ClusterClientManager manages Kubernetes clients for multi-cluster operations. It retrieves clients for both the local Management Cluster and remote Workload Clusters, with support for user impersonation.

All methods are thread-safe and can be called concurrently from multiple tool handlers.

type ClusterDiscoveryError ¶ added in v0.0.59

type ClusterDiscoveryError struct {
	Reason string
	Err    error
}

ClusterDiscoveryError provides context about cluster discovery failures.

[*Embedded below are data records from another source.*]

theorem lemma3:
  fixes M :: "'a measure"
    and A C Q \<gamma> \<tau> :: real
    and B K :: "real^'n"
    and D R S :: "real^'n^'n"
    and x0 :: "'a \<Rightarrow> real" and wx :: "nat \<Rightarrow> 'a \<Rightarrow> real"
    and wu xi :: "nat \<Rightarrow> 'a \<Rightarrow> real^'n"
  assumes "prob_space M"
    and "0 < \<gamma>" "\<gamma> < 1" "0 < \<tau>"
    and "transpose R = R"
    and "x0 \<in> borel_measurable M" "integrable M (\<lambda>\<omega>. (x0 \<omega>)\<^sup>2)"
    and "\<And>t. wx t \<in> borel_measurable M" "\<And>t. wu t \<in> borel_measurable M"
    and "\<And>t. xi t \<in> borel_measurable M"
    and "prob_space.indep_vars M (\<lambda>_. borel) (srcvar x0 wx wu xi) UNIV"
    and "\<And>t. integrable M (\<lambda>\<omega>. (wx t \<omega>)\<^sup>2)"
    and "\<And>t. (\<integral>\<omega>. wx t \<omega> \<partial>M) = 0" "\<And>t. (\<integral>\<omega>. (wx t \<omega>)\<^sup>2 \<partial>M) = 1"
    and "\<And>t i. integrable M (\<lambda>\<omega>. (wu t \<omega> $ i)\<^sup>2)"
    and "\<And>t i. (\<integral>\<omega>. wu t \<omega> $ i \<partial>M) = 0"
    and "\<And>t i j. (\<integral>\<omega>. wu t \<omega> $ i * wu t \<omega> $ j \<partial>M) = (if i = j then 1 else 0)"
    and "\<And>t. prob_space.indep_vars M (\<lambda>_. borel) (\<lambda>i \<omega>. xi t \<omega> $ i) UNIV"
    and "\<And>t i. distributed M lborel (\<lambda>\<omega>. xi t \<omega> $ i) std_normal_density"
    and "(K, S) \<in> Omega \<gamma> A B C D"
  shows "((\<lambda>K'. cost_f M A B C D Q R \<gamma> \<tau> x0 wx wu xi K' S) has_derivative
            (\<lambda>h. (S_KS M A B C D \<gamma> x0 wx wu xi K S *\<^sub>R EK \<gamma> A B C D Q R K) \<bullet> h)) (at K) \<and>
         ((\<lambda>S'. cost_f M A B C D Q R \<gamma> \<tau> x0 wx wu xi K S') has_derivative
            (\<lambda>H. \<Sum>i\<in>UNIV. \<Sum>j\<in>UNIV.
               ((1 / (1 - \<gamma>)) *\<^sub>R (transpose (R + (\<gamma> * PK \<gamma> A B C D Q R K) *\<^sub>R Mmat B D)
                  - (\<tau> / 2) *\<^sub>R matrix_inv S)) $ i $ j * H $ i $ j))
          (at S within {S'. transpose S' = S'})"
proof -
  interpret lqr_noise M x0 wx wu xi
    using assms by (simp add: lqr_noise_def lqr_noise_axioms_def indep_sources_def indep_sources_axioms_def)
  have S: "pos_def_mat S" and V: "\<gamma> * VK A B C D K < 1"
    using assms(20) by (auto simp: Omega_def)
  have \<gamma>: "0 \<le> \<gamma>" "\<gamma> < 1"
    using assms(2,3) by simp_all
  show ?thesis
    using has_derivative_cost_f_K[OF assms(5) S \<gamma> V] has_derivative_cost_f_S[OF assms(5) S \<gamma> V]
    unfolding inner_matrix_eq by blast
qed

func (*ClusterDiscoveryError) Error ¶ added in v0.0.59

func (e *ClusterDiscoveryError) Error() string

Error implements the error interface.

func (*ClusterDiscoveryError) Is ¶ added in v0.0.59

func (e *ClusterDiscoveryError) Is(target error) bool

Is implements custom error matching for errors.Is().

func (*ClusterDiscoveryError) Unwrap ¶ added in v0.0.59

func (e *ClusterDiscoveryError) Unwrap() error

Unwrap returns the underlying error.

func (*ClusterDiscoveryError) UserFacingError ¶ added in v0.0.59

func (e *ClusterDiscoveryError) UserFacingError() string

UserFacingError returns a sanitized error message safe for end users.

type ClusterInfo ¶ added in v0.0.54

type ClusterInfo struct {
	// Name is the cluster name.
	Name string

	// Namespace is the namespace where the cluster resource and its kubeconfig secret reside.
	Namespace string
}

ClusterInfo contains information about a CAPI cluster needed for kubeconfig retrieval.

type ClusterListOptions ¶ added in v0.0.59

type ClusterListOptions struct {
	// Namespace filters clusters to a specific namespace (organization).
	// If empty, all namespaces are searched.
	Namespace string

	// LabelSelector filters clusters by label selector expression.
	// Uses standard Kubernetes label selector syntax.
	LabelSelector string

	// Provider filters clusters by infrastructure provider.
	Provider string

	// Status filters clusters by phase.
	Status ClusterPhase

	// ReadyOnly filters to only include ready clusters.
	ReadyOnly bool
}

ClusterListOptions provides options for filtering cluster listings.

type ClusterNotFoundError ¶

type ClusterNotFoundError struct {
	ClusterName string
	Namespace   string
	Reason      string
}

ClusterNotFoundError provides detailed context about a cluster lookup failure.

func (*ClusterNotFoundError) Error ¶

func (e *ClusterNotFoundError) Error() string

Error implements the error interface.

func (*ClusterNotFoundError) Unwrap ¶

func (e *ClusterNotFoundError) Unwrap() error

Unwrap returns the underlying sentinel error for use with errors.Is().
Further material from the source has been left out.